* **What the exercise asks**:
Where a line below holds the string "most", count it; then give the total without any other words.

··· Input material

(* For all graphs $F$ and $G$ with $F\to G$, \[ \mathsf{HDE}(F,G) \;\le\; \min_{q \in \mathcal Q(G)}\; \max_{\varphi \in \mathsf{Hom}(F,G)}\; \sum_{A\subseteq V_G} q(A)\cdot \mathsf{CC}\big(F|_{\varphi^{-1}(A)}\big). \]
   Context: Graphs are finite directed graphs $G=(V_G,E_G)$ with $V_G$ nonempty finite and $E_G\subseteq V_G\times V_G$ (loops allowed). A homomorphism $\varphi:F\to G$ is a map $V_F\to V_G$ with $(\varphi(a),\varphi(b))\in E_G$ for all $(a,b)\in E_F$; $\mathsf{Hom}(F,G)$ is the set of these, $\hom(F,G)$ its size, $F\to G$ means $\hom(F,G)\ge 1$. For $F\to G$, $\mathsf{HDE}(F,G)=\sup\{c\in\mathbb R:\hom(F,T)\ge\hom(G,T)^c\text{ for all graphs }T\}$. For $A\subseteq V_G$, $G|_A$ is the induced subgraph on $A$; $\mathsf{CC}(H)$ is the number of connected components of the underlying undirected graph of $H$ (edges ignoring direction), with $\mathsf{CC}(G|_\emptyset)=0$. $\mathcal Q(G)$ is the set of functions $q:\wp(V_G)\to\mathbb R$ with $q(\emptyset)=0$, $q(A)\ge0$ for all $A$, and $\sum_{A\subseteq V_G} q(A)\,\mathsf{CC}(G|_A)=1$. *)

theory Defs
  imports Complex_Main "HOL-Library.FuncSet"
begin

text \<open>A directed graph is a pair (vertex set, edge set); loops allowed.\<close>
type_synonym 'a graph = "'a set \<times> ('a \<times> 'a) set"

abbreviation verts :: "'a graph \<Rightarrow> 'a set" where "verts G \<equiv> fst G"
abbreviation edges :: "'a graph \<Rightarrow> ('a \<times> 'a) set" where "edges G \<equiv> snd G"

definition wf_graph :: "'a graph \<Rightarrow> bool" where
  "wf_graph G \<longleftrightarrow> finite (verts G) \<and> verts G \<noteq> {} \<and> edges G \<subseteq> verts G \<times> verts G"

text \<open>Homomorphisms, as extensional maps V_F -> V_G (so distinct maps on V_F are counted once).\<close>
definition Homs :: "'a graph \<Rightarrow> 'b graph \<Rightarrow> ('a \<Rightarrow> 'b) set" where
  "Homs F G = {\<phi> \<in> verts F \<rightarrow>\<^sub>E verts G. \<forall>(a, b) \<in> edges F. (\<phi> a, \<phi> b) \<in> edges G}"

definition hom :: "'a graph \<Rightarrow> 'b graph \<Rightarrow> nat" where
  "hom F G = card (Homs F G)"

text \<open>Homomorphism domination exponent; the target graphs T range over all finite
  graphs, represented (up to isomorphism) with vertices in nat.\<close>
definition HDE :: "'a graph \<Rightarrow> 'b graph \<Rightarrow> real" where
  "HDE F G = Sup {c :: real. \<forall>T :: nat graph. wf_graph T \<longrightarrow>
                     real (hom F T) \<ge> real (hom G T) powr c}"

definition induced :: "'a graph \<Rightarrow> 'a set \<Rightarrow> 'a graph" where
  "induced G A = (A, edges G \<inter> (A \<times> A))"

definition CC :: "'a graph \<Rightarrow> nat" where
  "CC H = card (verts H // ((edges H \<union> (edges H)\<inverse>)\<^sup>*))"

definition Qset :: "'a graph \<Rightarrow> ('a set \<Rightarrow> real) set" where
  "Qset G = {q. q {} = 0 \<and> (\<forall>A \<in> Pow (verts G). q A \<ge> 0) \<and>
                (\<Sum>A \<in> Pow (verts G). q A * real (CC (induced G A))) = 1}"

end

theory Submission
  imports Defs
begin

(* Fix a weight function q in Q(G) and an admissible exponent c, i.e.
   hom(F,T) >= hom(G,T)^c for every target graph T.  For sizes n(A), A a set of
   vertices of G, the blow-up G^(n) has vertices (v, x) where x assigns to each
   A containing v a label below n(A); two such vertices are adjacent iff their
   G-vertices are and their labels agree on every A containing both.  For a
   homomorphism phi : H -> G, the homomorphisms H -> G^(n) lying over phi are
   exactly the labellings that are constant on each connected component of
   H|phi^-1(A), so there are prod_A n(A)^CC(H|phi^-1(A)) of them.  Hence
     hom(G, G^(n)) >= prod_A n(A)^CC(G|A)   (lifts of the identity) and
     hom(F, G^(n)) <= sum_phi prod_A n(A)^CC(F|phi^-1(A)).
   Taking n(A) = 2^floor(k q(A)) makes the first exponent >= k - const (since
   sum_A q(A) CC(G|A) = 1) and each exponent in the second at most k times the
   max over phi; comparing the growth in k forces c to be at most that max. *)

lemma finite_Homs:
  assumes "finite (verts F)" "finite (verts T)" shows "finite (Homs F T)"
proof (rule finite_subset)
  show "Homs F T \<subseteq> verts F \<rightarrow>\<^sub>E verts T" unfolding Homs_def by blast
qed (use assms in \<open>simp add: finite_PiE\<close>)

······

* **Exercise answer**:
2